すでに述べたように、消費税は、業者が「売り上げ」にかかる消費税から「仕入れ」にかかる消費税を差し引いて、税務署に納めます。
保障なし
「売り上げ」に消費税を上乗せできないときはどうなるでしょうか。大企業の場合ならこんなことはありませんが、価格競争力の弱い中小企業の場合は、往々にしてあることです。
しかしこれは、法律違反でも何でもありません。逆にいえば「消費税法」は、「売り上げ」に消費税を上乗せすることを保障していないのです。
「消費税法」は、「国内において事業者が行った資産の譲渡等には、この法律により消費税を課する」と書いてあるだけです。要するに、業者が消費税を上乗せできようが、できまいが、「資産の譲渡等」を行ったら、そこには「百五分の五」の消費税が含まれているとみなすわけです。

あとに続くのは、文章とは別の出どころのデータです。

text \<open>
  Adding the edge \<open>v\<^sub>1v\<^sub>c\<close> closes the path into the unique cycle of \<open>G\<close>, so the spanning
  trees of \<open>G\<close> are \<open>G - e\<close> for the \<open>c\<close> cycle edges \<open>e\<close>, and a two-tree spanning forest
  separating \<open>a\<close> from \<open>b\<close> is \<open>G\<close> minus two edges, at least one of them on the cycle.
  If the other edge \<open>f\<close> lies in one of the subtrees \<open>T\<^sub>j\<close>, the forest separates \<open>a\<close> from
  \<open>b\<close> iff \<open>f\<close> lies on the \<open>a\<close>-\<open>b\<close> path of \<open>T\<close>, and \<open>f\<close> combines with each of the \<open>c\<close>
  cycle edges. Two cycle edges cut the cycle into two arcs; for \<open>a \<in> T\<^sub>j\<close> and \<open>b \<in> T\<^sub>k\<close>
  they separate \<open>a\<close> from \<open>b\<close> iff \<open>v\<^sub>j\<close> and \<open>v\<^sub>k\<close> lie on different arcs, which happens for
  \<open>|j - k| (c - |j - k|)\<close> pairs. The \<open>a\<close>-\<open>b\<close> path of \<open>T\<close> consists of its edges off the
  cycle and the \<open>|j - k|\<close> path edges between \<open>v\<^sub>j\<close> and \<open>v\<^sub>k\<close>, hence
  \<open>\<sigma>\<^sub>a\<^sub>b = c d(a, b) - (j - k)\<^sup>2\<close>.
\<close>

lemma walk_singleton [simp]: "walk F [x]"
  by (simp add: walk_def)

lemma walk_Cons_Cons [simp]: "walk F (x # y # ys) \<longleftrightarrow> {x, y} \<in> F \<and> walk F (y # ys)"
proof
  assume "walk F (x # y # ys)"
  then show "{x, y} \<in> F \<and> walk F (y # ys)"
    unfolding walk_def
      by (metis Suc_less_eq length_Cons nth_Cons_0 nth_Cons_Suc zero_less_Suc list.discI)
next
  assume "{x, y} \<in> F \<and> walk F (y # ys)"
  then show "walk F (x # y # ys)"
    unfolding walk_def by (auto simp: nth_Cons split: nat.split)
qed

lemma walk_mono: "walk F xs \<Longrightarrow> F \<subseteq> G \<Longrightarrow> walk G xs"
  unfolding walk_def by auto

lemma walk_drop: "walk F xs \<Longrightarrow> n < length xs \<Longrightarrow> walk F (drop n xs)"
  unfolding walk_def by auto

lemma reach_iff_rtranclp: "reach F x y \<longleftrightarrow> (\<lambda>u v. {u, v} \<in> F)\<^sup>*\<^sup>* x y"
proof
  have "(\<lambda>u v. {u, v} \<in> F)\<^sup>*\<^sup>* (hd xs) (last xs)" if "walk F xs" for xs
    using that
  proof (induction xs rule: induct_list012)
    case (3 x y zs)
    then show ?case by (auto intro: converse_rtranclp_into_rtranclp)
  qed (auto simp: walk_def)
  then show "reach F x y \<Longrightarrow> (\<lambda>u v. {u, v} \<in> F)\<^sup>*\<^sup>* x y"
    unfolding reach_def by blast
next
  assume "(\<lambda>u v. {u, v} \<in> F)\<^sup>*\<^sup>* x y"
  then show "reach F x y"
  proof (induction rule: converse_rtranclp_induct)
    case base
    show ?case unfolding reach_def by (intro exI[of _ "[y]"]) simp
  next
    case (step x z)
    then obtain zs where zs: "walk F zs" "hd zs = z" "last zs = y"
      unfolding reach_def by blast
    then have "zs \<noteq> []" by (simp add: walk_def)
    moreover have "{x, z} \<in> F" using step(1) by simp
    ultimately show ?case using zs
      unfolding reach_def by (intro exI[of _ "x # zs"]) (cases zs, auto)
  qed
qed

lemma reach_refl [simp]: "reach F x x"
  by (simp add: reach_iff_rtranclp)

lemma reach_edge: "{x, y} \<in> F \<Longrightarrow> reach F x y"
  by (simp add: reach_iff_rtranclp r_into_rtranclp)

lemma reach_sym: "reach F x y \<Longrightarrow> reach F y x"
proof -
  have "symp (\<lambda>u v. {u, v} \<in> F)" by (auto intro: sympI simp: insert_commute)
  then show "reach F x y \<Longrightarrow> reach F y x"
    unfolding reach_iff_rtranclp by (metis symp_rtranclp sympD)
qed

lemma reach_trans: "reach F x y \<Longrightarrow> reach F y z \<Longrightarrow> reach F x z"
  unfolding reach_iff_rtranclp by (rule rtranclp_trans)

lemma reach_mono: "reach F x y \<Longrightarrow> F \<subseteq> G \<Longrightarrow> reach G x y"
  unfolding reach_iff_rtranclp by (erule mono_rtranclp[rule_format, rotated]) blast

lemma reach_via_edges:
  assumes "reach F x y" and "\<And>u w. {u, w} \<in> F \<Longrightarrow> reach G u w"
  shows "reach G x y"
  using assms(1) unfolding reach_iff_rtranclp[of F]
  by (induction rule: rtranclp_induct) (auto intro: reach_trans assms(2))

lemma reach_insert_edge:
  assumes "reach (insert {u, v} H) x y"
  shows "reach H x y \<or> (reach H x u \<and> reach H v y) \<or> (reach H x v \<and> reach H u y)"
  using assms unfolding reach_iff_rtranclp[of "insert {u, v} H"]
proof (induction rule: rtranclp_induct)
  case (step y z)
  then consider "{y, z} \<in> H" | "y = u" "z = v" | "y = v" "z = u"
    by (auto simp: doubleton_eq_iff)
  then show ?case
    using step.IH by cases (meson reach_edge reach_refl reach_sym reach_trans)+
qed simp

lemma reach_diff_edges_within:
  assumes "finite R" and "\<And>e. e \<in> R \<Longrightarrow> \<exists>u\<in>W. \<exists>v\<in>W. e = {u, v}"
    and "reach F x w" and "w \<in> W"
  shows "\<exists>w'\<in>W. reach (F - R) x w'"
  using assms(1,2)
proof (induction R)
  case empty
  then show ?case using assms(3,4) by auto
next
  case (insert e R)
  then obtain w' where w': "w' \<in> W" "reach (F - R) x w'" by blast
  obtain u v where uv: "u \<in> W" "v \<in> W" "e = {u, v}" using insert.prems by blast
  have "reach (insert {u, v} (F - insert e R)) x w'"
    using w'(2) by (rule reach_mono) (use uv in blast)
  then show ?case using reach_insert_edge[of u v "F - insert e R" x w'] w' uv by blast
qed

lemma walk_shortcut:
  "walk F xs \<Longrightarrow>
    \<exists>ys. walk F ys \<and> distinct ys \<and> hd ys = hd xs \<and> last ys = last xs \<and> length ys \<le> length xs"
proof (induction xs)
  case Nil
  then show ?case by (simp add: walk_def)
next
  case (Cons x xs)
  show ?case
  proof (cases "xs = []")
    case True
    then show ?thesis by (intro exI[of _ "[x]"]) simp
  next
    case False
    then obtain y xs' where xs: "xs = y # xs'" by (cases xs) auto
    with Cons.prems have "{x, y} \<in> F" "walk F xs" by auto
    with Cons.IH obtain ys where ys: "walk F ys" "distinct ys" "hd ys = y" "last ys = last xs"
        "length ys \<le> length xs" using xs by auto
    have "ys \<noteq> []" using ys(1) by (simp add: walk_def)
    show ?thesis
    proof (cases "x \<in> set ys")
      case True
      then obtain ys1 ys2 where split: "ys = ys1 @ x # ys2" by (meson split_list)
      have "walk F (drop (length ys1) ys)"
        using ys(1) split by (intro walk_drop) auto
      then have "walk F (x # ys2)" using split by simp
      then show ?thesis using ys False split by (intro exI[of _ "x # ys2"]) auto
    next
      case False
      have "walk F (x # ys)" using ys \<open>{x, y} \<in> F\<close> \<open>ys \<noteq> []\<close> by (cases ys) auto
      then show ?thesis using ys False \<open>ys \<noteq> []\<close> \<open>xs \<noteq> []\<close> by (intro exI[of _ "x # ys"]) auto
    qed
  qed
qed

lemma reach_across:
  assumes "(reach F a x \<and> reach F b y) \<or> (reach F b x \<and> reach F a y)"
  shows "reach F x y \<longleftrightarrow> reach F a b"
  using assms by (meson reach_sym reach_trans)

lemma reach_split_two_classes:
  assumes "reach F a x \<or> reach F b x" "reach F a y \<or> reach F b y" "\<not> reach F x y"
  shows "(reach F a x \<and> reach F b y) \<or> (reach F b x \<and> reach F a y)"
  using assms by (meson reach_sym reach_trans)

消費税を上乗せできないのに、架空の「売り上げにかかる消費税」から「仕入れにかかる消費税」を差し引いて、税務署に納めなければなりません。これは、過酷な負担になります。
消費者も
この問題を消費者の立場からみると、どうなるでしょうか。「消費税法」という法律の上では、消費者も消費税を払うことを義務付けられているわけではありません。
通常、消費税を払っているのは、それを払わなければ業者が損をするので、業者は売ってくれない、だから払わざるをえないわけです。ところが業者の側の力が弱くて、損を覚悟で売らざるをえない場合もあり、この場合、消費者は消費税を払っているとはいえないのです。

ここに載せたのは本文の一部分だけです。